DATA TO USE:
lemma theta_mem: "mu \<in> M \<Longrightarrow> \<theta> mu \<in> Lam"
  unfolding theta_def M_eq by (auto intro: inv_into_into)

lemma deriv_theta: "mu \<in> M \<Longrightarrow> deriv B (\<theta> mu) = mu"
  unfolding theta_def M_eq by (auto intro: f_inv_into_f)

lemma theta_deriv: "t \<in> Lam \<Longrightarrow> \<theta> (deriv B t) = t"
  unfolding theta_def using inj_on_phi by (simp add: inv_into_f_f)

lemma theta_le_iff: "mu \<in> M \<Longrightarrow> mu' \<in> M \<Longrightarrow> \<theta> mu \<le> \<theta> mu' \<longleftrightarrow> mu \<le> mu'"
  using phi_le_iff[of "\<theta> mu" "\<theta> mu'"] theta_mem deriv_theta by auto

lemma theta_less_iff: "mu \<in> M \<Longrightarrow> mu' \<in> M \<Longrightarrow> \<theta> mu < \<theta> mu' \<longleftrightarrow> mu < mu'"
  using phi_less_iff[of "\<theta> mu" "\<theta> mu'"] theta_mem deriv_theta by auto

lemma is_interval_M: "is_interval M"
  unfolding M_eq is_interval_connected_1
  using connected_continuous_image[OF continuous_on_phi] convex_Lam convex_connected by blast

lemma continuous_on_theta: "continuous_on M \<theta>"
proof -
  have "isCont \<theta> (deriv B t)" if "t \<in> Lam" for t
  proof -
    obtain r where "r > 0" "cball t r \<subseteq> Lam"
      using open_Lam \<open>t \<in> Lam\<close> open_contains_cball by blast
    then have near: "s \<in> Lam" if "\<bar>s - t\<bar> \<le> r" for s
      using that by (auto simp: dist_real_def abs_minus_commute)
    show ?thesis
    proof (rule isCont_inverse_function[OF \<open>r > 0\<close>, where f = "deriv B" and x = t])
      show "\<theta> (deriv B s) = s" if "\<bar>s - t\<bar> \<le> r" for s
        using near[OF that] theta_deriv by blast
      show "isCont (deriv B) s" if "\<bar>s - t\<bar> \<le> r" for s
        using near[OF that] continuous_on_phi open_Lam continuous_on_eq_continuous_at by blast
    qed
  qed
  then show ?thesis
    unfolding M_eq by (auto intro: continuous_at_imp_continuous_on)
qed

lemma psi_star_eq_SUP:
  assumes "mu \<in> M"
  shows "psi_star B Lam mu x = (SUP t\<in>Lam. ereal (t * x - B t)) + ereal (B (\<theta> mu) - \<theta> mu * x)"
proof -
  have dom: "psi_dom B Lam mu = (\<lambda>t. t - \<theta> mu) ` Lam"
    unfolding psi_dom_def by (auto simp: image_iff) (metis add_diff_cancel)
  have "psi_star B Lam mu x = (SUP t\<in>Lam. ereal ((t - \<theta> mu) * x - psi B Lam mu (t - \<theta> mu)))"
    unfolding psi_star_def conv_conj_def dom by (simp add: image_comp o_def)
  also have "\<dots> = (SUP t\<in>Lam. ereal (t * x - B t) + ereal (B (\<theta> mu) - \<theta> mu * x))"
    unfolding psi_def by (intro SUP_cong) (auto simp: algebra_simps)
  also have "\<dots> = (SUP t\<in>Lam. ereal (t * x - B t)) + ereal (B (\<theta> mu) - \<theta> mu * x)"
    using theta_mem[OF assms] by (intro SUP_ereal_add_left) auto
  finally show ?thesis .
qed

lemma psi_star_eq_bregman:
  assumes "mu \<in> M" "z \<in> M"
  shows "psi_star B Lam mu z = ereal (bregman (\<theta> mu) (\<theta> z))"
proof -
  \<comment> \<open>the supremum is attained where the slope \<open>deriv B t\<close> equals \<open>z\<close>\<close>
  have "(SUP t\<in>Lam. ereal (t * z - B t)) = ereal (\<theta> z * z - B (\<theta> z))"
  proof (rule SUP_eqI)
    fix t assume "t \<in> Lam"
    then show "ereal (t * z - B t) \<le> ereal (\<theta> z * z - B (\<theta> z))"
      using above_tangent[of "\<theta> z" t] theta_mem deriv_theta assms by (simp add: algebra_simps)
  qed (use theta_mem assms in auto)
  then show ?thesis
    using deriv_theta assms by (simp add: psi_star_eq_SUP bregman_def algebra_simps)
qed

lemma psi_star'_eq:
  assumes "mu \<in> M" "z \<in> M"
  shows "psi_star' B Lam mu z = \<theta> z - \<theta> mu"
proof -
  define h where "h w = real_of_ereal (psi_star B Lam mu w) - (\<theta> z - \<theta> mu) * w" for w
  have "(h has_real_derivative psi_star' B Lam mu z - (\<theta> z - \<theta> mu)) (at z)"
    using differentiable_psi_star[OF assms] unfolding h_def psi_star'_def
    by (auto intro!: derivative_eq_intros simp: DERIV_deriv_iff_real_differentiable)
  moreover obtain r where "r > 0" "ball z r \<subseteq> M"
    using open_M assms openE by blast
  \<comment> \<open>Fermat: \<open>h\<close> has a local minimum at \<open>z\<close>, by the tangent inequality of \<open>B\<close> at \<open>\<theta> y\<close>\<close>
  moreover have "h z \<le> h y" if "\<bar>z - y\<bar> < r" for y
  proof -
    have "y \<in> M"
      using that \<open>ball z r \<subseteq> M\<close> by (auto simp: dist_real_def)
    then show ?thesis
      using above_tangent[of "\<theta> y" "\<theta> z"] psi_star_eq_bregman assms theta_mem deriv_theta
      by (simp add: h_def bregman_def algebra_simps)
  qed
  ultimately show ?thesis
    using DERIV_local_min by fastforce
qed

lemma breg_eq_psi_star: "mu0 \<in> M \<Longrightarrow> breg B Lam mu0 w mu0 = psi_star B Lam mu0 w"
  using psi_star'_eq[of mu0 mu0] psi_star_eq_bregman[of mu0 mu0]
  by (simp add: breg_def zero_ereal_def[symmetric])

lemma breg_eq_bregman: "mu0 \<in> M \<Longrightarrow> z \<in> M \<Longrightarrow> breg B Lam mu0 z mu0 = ereal (bregman (\<theta> mu0) (\<theta> z))"
  by (simp add: breg_eq_psi_star psi_star_eq_bregman)

lemma slopeD_eq: "mu0 \<in> M \<Longrightarrow> z \<in> M \<Longrightarrow> slopeD B Lam mu0 z = \<theta> z - \<theta> mu0"
  using psi_star'_eq by (simp add: slopeD_def breg_eq_psi_star psi_star'_def)

lemma Ln_eq_exp_llr: "mu0 \<in> M \<Longrightarrow> z \<in> M \<Longrightarrow> Ln B Lam n x z mu0 = exp (real n * llr x (\<theta> mu0) (\<theta> z))"
  by (simp add: Ln_def psi_def llr_def psi_star'_eq algebra_simps)

lemma slopeD_mul_eq:
  assumes "mu \<in> M" "z \<in> M"
  shows "slopeD B Lam mu z * (x - z) = llr x (\<theta> mu) (\<theta> z) - bregman (\<theta> mu) (\<theta> z)"
  using assms by (simp add: slopeD_eq llr_def bregman_def deriv_theta algebra_simps)

lemma psi_star_antimono:
  assumes "mu \<in> M" "mu' \<in> M" "mu \<le> mu'" "mu' \<le> x"
  shows "psi_star B Lam mu' x \<le> psi_star B Lam mu x"
proof -
  have "B (\<theta> mu') + mu' * (\<theta> mu - \<theta> mu') \<le> B (\<theta> mu)"
    using above_tangent[of "\<theta> mu'" "\<theta> mu"] theta_mem deriv_theta assms by simp
  moreover have "x * (\<theta> mu - \<theta> mu') \<le> mu' * (\<theta> mu - \<theta> mu')"
    using theta_le_iff[of mu mu'] assms by (simp add: mult_right_mono_neg)
  ultimately have "B (\<theta> mu') - \<theta> mu' * x \<le> B (\<theta> mu) - \<theta> mu * x"
    by (simp add: algebra_simps)
  then show ?thesis
    using assms by (simp add: psi_star_eq_SUP add_left_mono)
qed

lemma open_psi_star_sublevel: "open {mu \<in> M. psi_star B Lam mu x < ereal c}"
proof (cases "M = {}")
  case False
  define S where "S = (SUP t\<in>Lam. ereal (t * x - B t))"
  have S: "psi_star B Lam mu x = S + ereal (B (\<theta> mu) - \<theta> mu * x)" if "mu \<in> M" for mu
    using psi_star_eq_SUP[OF that] by (simp add: S_def)
  obtain t where "t \<in> Lam"
    using False M_eq by blast
  then have "ereal (t * x - B t) \<le> S"
    unfolding S_def by (rule SUP_upper)
  then show ?thesis
  proof (cases S)
    case (real s)
    have "continuous_on M (\<lambda>mu. s + (B (\<theta> mu) - \<theta> mu * x))"
      using continuous_on_compose2[OF continuous_on_B continuous_on_theta] theta_mem
      by (auto intro!: continuous_intros continuous_on_theta)
    then have "open {mu \<in> M. s + (B (\<theta> mu) - \<theta> mu * x) < c}"
      by (rule open_sublevel_set[OF open_M])
    moreover have "{mu \<in> M. psi_star B Lam mu x < ereal c} = {mu \<in> M. s + (B (\<theta> mu) - \<theta> mu * x) < c}"
      using S real by auto
    ultimately show ?thesis
      by simp
  next
    case PInf
    then have "{mu \<in> M. psi_star B Lam mu x < ereal c} = {}"
      using S by auto
    then show ?thesis
      by (metis open_empty)
  qed simp
qed simp

definition upper_level_map :: "(real \<Rightarrow> real) \<Rightarrow> real \<Rightarrow> bool" where
  "upper_level_map beta D \<longleftrightarrow>
     (\<forall>mu\<in>M. beta mu \<in> M \<and> mu < beta mu \<and> breg B Lam mu (beta mu) mu = ereal D)"

lemma upper_level_mapD:
  assumes "upper_level_map beta D" "mu \<in> M"
  shows "beta mu \<in> M" "mu < beta mu" "\<theta> (beta mu) \<in> Lam" "\<theta> mu < \<theta> (beta mu)"
    and "bregman (\<theta> mu) (\<theta> (beta mu)) = D"
  using assms theta_mem theta_less_iff breg_eq_bregman by (auto simp: upper_level_map_def)

lemma upper_level_map_of_indicator:
  assumes "0 < d"
    and "\<forall>mu\<in>M. m mu \<in> M \<and> breg B Lam mu (m mu) mu * ereal (if m mu \<ge> mu then 1 else 0) = ereal d"
  shows "upper_level_map m d"
  unfolding upper_level_map_def
proof
  fix mu assume "mu \<in> M"
  with assms have "m mu \<in> M" "mu \<le> m mu" "breg B Lam mu (m mu) mu = ereal d"
    by (auto split: if_splits simp: zero_ereal_def[symmetric] one_ereal_def[symmetric])
  moreover have "m mu \<noteq> mu"
    using \<open>mu \<in> M\<close> breg_eq_bregman \<open>0 < d\<close> calculation by force
  ultimately show "m mu \<in> M \<and> mu < m mu \<and> breg B Lam mu (m mu) mu = ereal d"
    by simp
qed

lemma llr_upper_level_map_antimono:
  assumes "upper_level_map beta D" "u \<in> M" "v \<in> M" "u \<le> v" "v \<le> x"
  shows "llr x (\<theta> v) (\<theta> (beta v)) \<le> llr x (\<theta> u) (\<theta> (beta u))"
  using upper_level_mapD[OF assms(1) assms(2)] upper_level_mapD[OF assms(1) assms(3)] assms(2-5)
    theta_mem theta_le_iff deriv_theta
  by (intro llr_level_set_antimono[where d = D]) (auto simp: less_imp_le)

lemma Ln_upper_level_map_antimono:
  assumes "upper_level_map beta D"
  shows "antimono_on ({..x} \<inter> M) (\<lambda>mu. Ln B Lam n x (beta mu) mu)"
proof (rule monotone_onI)
  fix u v assume "u \<in> {..x} \<inter> M" "v \<in> {..x} \<inter> M" "u \<le> v"
  then show "Ln B Lam n x (beta v) v \<le> Ln B Lam n x (beta u) u"
    using llr_upper_level_map_antimono[OF assms, of u v x] upper_level_mapD[OF assms]
    by (simp add: Ln_eq_exp_llr mult_left_mono)
qed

TASK REQUIREMENTS: Looking back over the data above, restate word for word the lines that begin at the line with "(beta mu) \<in>" and end at the line with "theta_mem theta_le_iff deriv_theta", inclusive.

RESPONSE TO THE TASK:
  shows "beta mu \<in> M" "mu < beta mu" "\<theta> (beta mu) \<in> Lam" "\<theta> mu < \<theta> (beta mu)"
    and "bregman (\<theta> mu) (\<theta> (beta mu)) = D"
  using assms theta_mem theta_less_iff breg_eq_bregman by (auto simp: upper_level_map_def)

lemma upper_level_map_of_indicator:
  assumes "0 < d"
    and "\<forall>mu\<in>M. m mu \<in> M \<and> breg B Lam mu (m mu) mu * ereal (if m mu \<ge> mu then 1 else 0) = ereal d"
  shows "upper_level_map m d"
  unfolding upper_level_map_def
proof
  fix mu assume "mu \<in> M"
  with assms have "m mu \<in> M" "mu \<le> m mu" "breg B Lam mu (m mu) mu = ereal d"
    by (auto split: if_splits simp: zero_ereal_def[symmetric] one_ereal_def[symmetric])
  moreover have "m mu \<noteq> mu"
    using \<open>mu \<in> M\<close> breg_eq_bregman \<open>0 < d\<close> calculation by force
  ultimately show "m mu \<in> M \<and> mu < m mu \<and> breg B Lam mu (m mu) mu = ereal d"
    by simp
qed

lemma llr_upper_level_map_antimono:
  assumes "upper_level_map beta D" "u \<in> M" "v \<in> M" "u \<le> v" "v \<le> x"
  shows "llr x (\<theta> v) (\<theta> (beta v)) \<le> llr x (\<theta> u) (\<theta> (beta u))"
  using upper_level_mapD[OF assms(1) assms(2)] upper_level_mapD[OF assms(1) assms(3)] assms(2-5)
    theta_mem theta_le_iff deriv_theta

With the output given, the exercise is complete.